Acuarela sobre papel "bb" |
Sigo esperando. -A pesar de
todo, debería acercarme a las oficinas municipales- pienso, pero al instante razono
que tengo tiempo suficiente para tratar el penoso asunto que me ha devuelto a
España; que primero debo hacerme con una habitación, estudiar la documentación
de que dispongo, visitar a Lucía y también, aunque me cueste; dar una vuelta
por casa… Suena extraño volver a decirlo y un escalofrío me recorre la espalda.
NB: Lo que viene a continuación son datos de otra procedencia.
lemma joint_response_marginals:
  assumes mnc: "meas_nc prob \<xi>" and J: "joint_meas outs prob coarse Mb J n" and i: "i \<in> {1..n}"
  shows "\<xi> (J i) (enc 0 0) l + \<xi> (J i) (enc 0 1) l = \<xi> (Mb i) 0 l"
    and "\<xi> (J i) (enc 0 0) l + \<xi> (J i) (enc 1 0) l = \<xi> (Mb (nxt n i)) 0 l"
    and "\<xi> (J i) (enc 0 0) l + \<xi> (J i) (enc 0 1) l + \<xi> (J i) (enc 1 0) l + \<xi> (J i) (enc 1 1) l = 1"
proof -
  have outs_J: "outs (J i) = {0, 1, 2, 3}"
    using J i two_bit_codes by (simp add: joint_meas_def)
  have "meas_event_equiv prob (coarse (\<lambda>x. x div 2) (J i)) 0 (Mb i) 0"
    using J i by (simp add: joint_meas_def meas_equiv_def)
  then have "\<xi> (coarse (\<lambda>x. x div 2) (J i)) 0 l = \<xi> (Mb i) 0 l"
    using mnc by (simp add: meas_nc_def)
  moreover have "{y \<in> {0, 1, 2, 3 :: nat}. y div 2 = 0} = {0, 1}"
    by auto
  ultimately show "\<xi> (J i) (enc 0 0) l + \<xi> (J i) (enc 0 1) l = \<xi> (Mb i) 0 l"
    by (simp add: response_coarse outs_J enc_def)
  have "meas_event_equiv prob (coarse (\<lambda>x. x mod 2) (J (prv n (nxt n i)))) 0 (Mb (nxt n i)) 0"
    using J nxt_mem[OF i] by (simp add: joint_meas_def meas_equiv_def)
  then have "\<xi> (coarse (\<lambda>x. x mod 2) (J i)) 0 l = \<xi> (Mb (nxt n i)) 0 l"
    using mnc by (simp add: meas_nc_def prv_nxt[OF i])
  moreover have "{y \<in> {0, 1, 2, 3 :: nat}. y mod 2 = 0} = {0, 2}"
    by auto
  ultimately show "\<xi> (J i) (enc 0 0) l + \<xi> (J i) (enc 1 0) l = \<xi> (Mb (nxt n i)) 0 l"
    by (simp add: response_coarse outs_J enc_def)
  show "\<xi> (J i) (enc 0 0) l + \<xi> (J i) (enc 0 1) l + \<xi> (J i) (enc 1 0) l + \<xi> (J i) (enc 1 1) l = 1"
    using response_sum[of "J i" l] by (simp add: outs_J enc_def add.assoc)
qed

lemma joint_response_bounds:
  assumes "meas_nc prob \<xi>" "joint_meas outs prob coarse Mb J n" "i \<in> {1..n}"
  shows "\<xi> (J i) (enc 0 1) l + \<xi> (J i) (enc 1 0) l
           \<le> 1 - \<bar>bias (Mb i) l + bias (Mb (nxt n i)) l\<bar> / 2"
    and "\<xi> (J i) (enc 0 0) l + \<xi> (J i) (enc 1 1) l
           \<le> 1 - \<bar>bias (Mb i) l - bias (Mb (nxt n i)) l\<bar> / 2"
  using joint_bits_bounds[OF joint_response_marginals[OF assms] response_nonneg response_nonneg
      response_nonneg response_nonneg]
  by (simp_all add: bias_def)

lemma expectation_le_by_biases:
  assumes "integrable (measure_pmf (\<mu> P)) F"
    and "\<And>l. real n * F l \<le> real n * real n - (\<Sum>j=1..n. \<bar>bias (B j) l\<bar>)"
  shows "real n * measure_pmf.expectation (\<mu> P) F
           \<le> real n * real n - (\<Sum>j=1..n. mean_abs_bias P (B j))"
proof -
  have "measure_pmf.expectation (\<mu> P) (\<lambda>l. real n * F l)
          \<le> measure_pmf.expectation (\<mu> P) (\<lambda>l. real n * real n - (\<Sum>j=1..n. \<bar>bias (B j) l\<bar>))"
    using assms integrable_abs_bias by (intro integral_mono) auto
  then show ?thesis
    using integrable_abs_bias
    by (simp add: mean_abs_bias_def Bochner_Integration.integral_sum)
qed

lemma sum_p_neq_bound:
  assumes "meas_nc prob \<xi>" "joint_meas outs prob coarse Mb J n" "odd n"
  shows "real n * (\<Sum>i=1..n. p_neq prob (J i) P)
           \<le> real n * real n - (\<Sum>j=1..n. mean_abs_bias P (Mb j))"
proof -
  define F where "F = (\<lambda>l. \<Sum>i=1..n. \<xi> (J i) (enc 0 1) l + \<xi> (J i) (enc 1 0) l)"
  have "(\<Sum>i=1..n. p_neq prob (J i) P) = measure_pmf.expectation (\<mu> P) F"
    by (simp add: F_def p_neq_def prob_expectation integrable_response
        Bochner_Integration.integral_sum)
  moreover have "integrable (measure_pmf (\<mu> P)) F"
    unfolding F_def
    by (intro Bochner_Integration.integrable_sum Bochner_Integration.integrable_add
        integrable_response)
  moreover have "real n * F l \<le> real n * real n - (\<Sum>j=1..n. \<bar>bias (Mb j) l\<bar>)" for l
    unfolding F_def using joint_response_bounds(1)[OF assms(1,2)]
    by (intro odd_cycle_sum_bound[OF \<open>odd n\<close>, where c = "\<lambda>j. bias (Mb j) l"]) simp
  ultimately show ?thesis
    using expectation_le_by_biases by simp
qed

lemma sum_p_chained_bound:
  assumes "meas_nc prob \<xi>" "joint_meas outs prob coarse Mb J n" "n \<ge> 1"
  shows "real n * ((\<Sum>i=1..n-1. p_eq prob (J i) P) + p_neq prob (J n) P)
           \<le> real n * real n - (\<Sum>j=1..n. mean_abs_bias P (Mb j))"
proof -
  define F where "F = (\<lambda>l. (\<Sum>i=1..n-1. \<xi> (J i) (enc 0 0) l + \<xi> (J i) (enc 1 1) l)
                             + (\<xi> (J n) (enc 0 1) l + \<xi> (J n) (enc 1 0) l))"
  have "(\<Sum>i=1..n-1. p_eq prob (J i) P) + p_neq prob (J n) P = measure_pmf.expectation (\<mu> P) F"
    by (simp add: F_def p_eq_def p_neq_def prob_expectation integrable_response
        Bochner_Integration.integral_sum)
  moreover have "integrable (measure_pmf (\<mu> P)) F"
    unfolding F_def
    by (intro Bochner_Integration.integrable_sum Bochner_Integration.integrable_add
        integrable_response)
  moreover have "real n * F l \<le> real n * real n - (\<Sum>j=1..n. \<bar>bias (Mb j) l\<bar>)" for l
  proof -
    have "nxt n i = Suc i" if "i \<in> {1..n-1}" for i
      using that by (auto simp: nxt_def)
    then have "\<xi> (J i) (enc 0 0) l + \<xi> (J i) (enc 1 1) l
                 \<le> 1 - \<bar>bias (Mb i) l - bias (Mb (Suc i)) l\<bar> / 2" if "i \<in> {1..n-1}" for i
      using joint_response_bounds(2)[OF assms(1,2), of i l] that by auto
    moreover have "\<xi> (J n) (enc 0 1) l + \<xi> (J n) (enc 1 0) l
                     \<le> 1 - \<bar>bias (Mb n) l + bias (Mb 1) l\<bar> / 2"
      using joint_response_bounds(1)[OF assms(1,2), of n l] \<open>n \<ge> 1\<close> by (simp add: nxt_def)
    ultimately show ?thesis
      unfolding F_def
      by (intro chain_sum_bound[OF \<open>n \<ge> 1\<close>, where c = "\<lambda>j. bias (Mb j) l"]) simp_all
  qed
  ultimately show ?thesis
    using expectation_le_by_biases by simp
qed

lemma eta_ave_le_mean_abs_bias:
  assumes pnc: "prep_nc prob \<mu>"
    and prep: "\<forall>i\<in>{1..n}. prep_equiv prob (mix (1/2) Ps Psp) (mix (1/2) (Px i) (Pxp i))"
    and binary: "\<forall>i\<in>{1..n}. outs (Mb i) = {0, 1}"
  shows "2 * real n * eta_ave prob Mb Px Pxp n
           \<le> (\<Sum>j=1..n. mean_abs_bias Ps (Mb j)) + (\<Sum>j=1..n. mean_abs_bias Psp (Mb j))"
proof -
  have same_mix: "mean_abs_bias Ps (Mb i) + mean_abs_bias Psp (Mb i)
                    = mean_abs_bias (Px i) (Mb i) + mean_abs_bias (Pxp i) (Mb i)" if "i \<in> {1..n}" for i
  proof -
    have "\<mu> (mix (1/2) Ps Psp) = \<mu> (mix (1/2) (Px i) (Pxp i))"
      using pnc prep that by (simp add: prep_nc_def)
    then have "mean_abs_bias (mix (1/2) Ps Psp) (Mb i) = mean_abs_bias (mix (1/2) (Px i) (Pxp i)) (Mb i)"
      by (simp add: mean_abs_bias_def)
    then show ?thesis
      using mean_abs_bias_mix[of "1/2"] by simp
  qed
  have "2 * real n * eta_ave prob Mb Px Pxp n
          = (\<Sum>i=1..n. eta prob (Mb i) (Px i) + eta prob (Mb i) (Pxp i))"
    by (cases "n = 0") (simp_all add: eta_ave_def)
  also have "\<dots> \<le> (\<Sum>i=1..n. mean_abs_bias (Px i) (Mb i) + mean_abs_bias (Pxp i) (Mb i))"
    using binary by (intro sum_mono add_mono eta_le_mean_abs_bias) auto
  also have "\<dots> = (\<Sum>i=1..n. mean_abs_bias Ps (Mb i) + mean_abs_bias Psp (Mb i))"
    using same_mix by simp
  finally show ?thesis
    by (simp add: sum.distrib)
qed

end

lemma average_pair_bound:
  fixes n A B S S' e :: real
  assumes "n > 0" "n * A \<le> n * n - S" "n * B \<le> n * n - S'" "2 * n * e \<le> S + S'"
  shows "(1 / n) * A + (1 / n) * B \<le> 2 * (1 - e / n)"
proof -
  have "n * (A + B) \<le> n * (2 * n - 2 * e)"
    using assms(2-4) by (simp add: algebra_simps)
  then have "(1 / n) * (A + B) \<le> (1 / n) * (2 * n - 2 * e)"
    using \<open>n > 0\<close> by (intro mult_left_mono) simp_all
  then show ?thesis
    using \<open>n > 0\<close> by (simp add: add_divide_distrib diff_divide_distrib algebra_simps)
qed

lemma average_single_bound:
  fixes n A S S' e :: real
  assumes "n > 0" "n * A \<le> n * n - S" "2 * n * e \<le> S + S'" "S' \<le> n"
  shows "(1 / n) * A \<le> (n - 1) / n + 2 * (1 - e) / n"
proof -
  have "n * A \<le> n * (n + 1 - 2 * e)"
    using assms(2-4) by (simp add: algebra_simps)
  then have "(1 / n) * A \<le> (1 / n) * (n + 1 - 2 * e)"
    using \<open>n > 0\<close> by (intro mult_left_mono) simp_all
  then show ?thesis
    using \<open>n > 0\<close> by (simp add: add_divide_distrib diff_divide_distrib algebra_simps)
qed

theorem mainTheorem10:
  fixes outs :: "'m \<Rightarrow> nat set" and prob :: "'m \<Rightarrow> nat \<Rightarrow> 'p \<Rightarrow> real"
    and mix :: "real \<Rightarrow> 'p \<Rightarrow> 'p \<Rightarrow> 'p" and coarse :: "(nat \<Rightarrow> nat) \<Rightarrow> 'm \<Rightarrow> 'm"
    and Mb Mj Mj' :: "nat \<Rightarrow> 'm"
    and Ps Psp :: 'p and Px Pxp :: "nat \<Rightarrow> 'p"
    and n :: nat
    and \<mu> :: "'p \<Rightarrow> 'l pmf" and \<xi> :: "'m \<Rightarrow> nat \<Rightarrow> 'l \<Rightarrow> real"
  assumes opth: "op_theory outs prob mix coarse"
    and n3: "n \<ge> 3"
    and binary: "\<forall>i\<in>{1..n}. outs (Mb i) = {0, 1}"
    and jointM: "joint_meas outs prob coarse Mb Mj n"
    and prep: "\<forall>i\<in>{1..n}. prep_equiv prob (mix (1/2) Ps Psp) (mix (1/2) (Px i) (Pxp i))"
    and model: "ont_model outs prob mix coarse \<mu> \<xi>"
    and mnc: "meas_nc prob \<xi>"
    and pnc: "prep_nc prob \<mu>"
  shows
    "(joint_meas outs prob coarse Mb Mj' n \<longrightarrow>
        (odd n \<longrightarrow> p_anti prob Mj n Ps + p_anti prob Mj' n Psp
                     \<le> 2 * (1 - eta_ave prob Mb Px Pxp n / real n)) \<and>
        (even n \<longrightarrow> p_chained prob Mj n Ps + p_chained prob Mj' n Psp
                     \<le> 2 * (1 - eta_ave prob Mb Px Pxp n / real n))) \<and>
     (odd n \<longrightarrow>
        p_anti prob Mj n Ps + p_anti prob Mj n Psp \<le> 2 * (1 - eta_ave prob Mb Px Pxp n / real n) \<and>
        p_anti prob Mj n Ps \<le> (real n - 1) / real n + 2 * (1 - eta_ave prob Mb Px Pxp n) / real n) \<and>
     (even n \<longrightarrow>
        p_chained prob Mj n Ps + p_chained prob Mj n Psp \<le> 2 * (1 - eta_ave prob Mb Px Pxp n / real n) \<and>
        p_chained prob Mj n Ps \<le> (real n - 1) / real n + 2 * (1 - eta_ave prob Mb Px Pxp n) / real n)"
proof -
  interpret ontological_model outs prob mix coarse \<mu> \<xi>
    by (rule ontological_model.intro[OF model])
  have n: "real n > 0" "n \<ge> 1"
    using n3 by simp_all
  note eta = eta_ave_le_mean_abs_bias[OF pnc prep binary]
  have bias_Psp: "(\<Sum>j=1..n. mean_abs_bias Psp (Mb j)) \<le> real n"
    using sum_mono[of "{1..n}" "\<lambda>j. mean_abs_bias Psp (Mb j)" "\<lambda>_. 1"] mean_abs_bias_le_one by simp
  note anti = sum_p_neq_bound[OF mnc]
  note chained = sum_p_chained_bound[OF mnc _ n(2)]
  have chained_eq: "p_chained prob J n P
                      = (1 / real n) * ((\<Sum>i=1..n-1. p_eq prob (J i) P) + p_neq prob (J n) P)" for J P
    by (simp add: p_chained_def distrib_left)
  show ?thesis
    unfolding p_anti_def chained_eq
    using average_pair_bound[OF n(1) _ _ eta] average_single_bound[OF n(1) _ eta bias_Psp]
      anti chained jointM
    by blast
qed

end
Mejor sería ir haciéndome a la idea del olor a rancio que me espera, de la
penumbra, de los fantasmas agazapados, de los muebles, de todos los objetos dormidos
bajo años de polvo… y del atroz silencio de las estancias vacías... Cierro los
ojos para contener las lágrimas y en ese momento, contra todo pronóstico, veo recrearse viejas escenas que nada tienen
que ver con los muertos. Lola, Monferrán, Miguelín… A ninguno le pongo ya cara,
pero no les hace falta para conmoverme mientras pasan otra vez camino del
instituto, con su fardo de libros bajo el brazo, su melenita yeyé y sus vaqueros
de campana. Se me escapa una risotada. Es ostentosa, pero breve y por aliviar
presión más que por algún motivo humorístico.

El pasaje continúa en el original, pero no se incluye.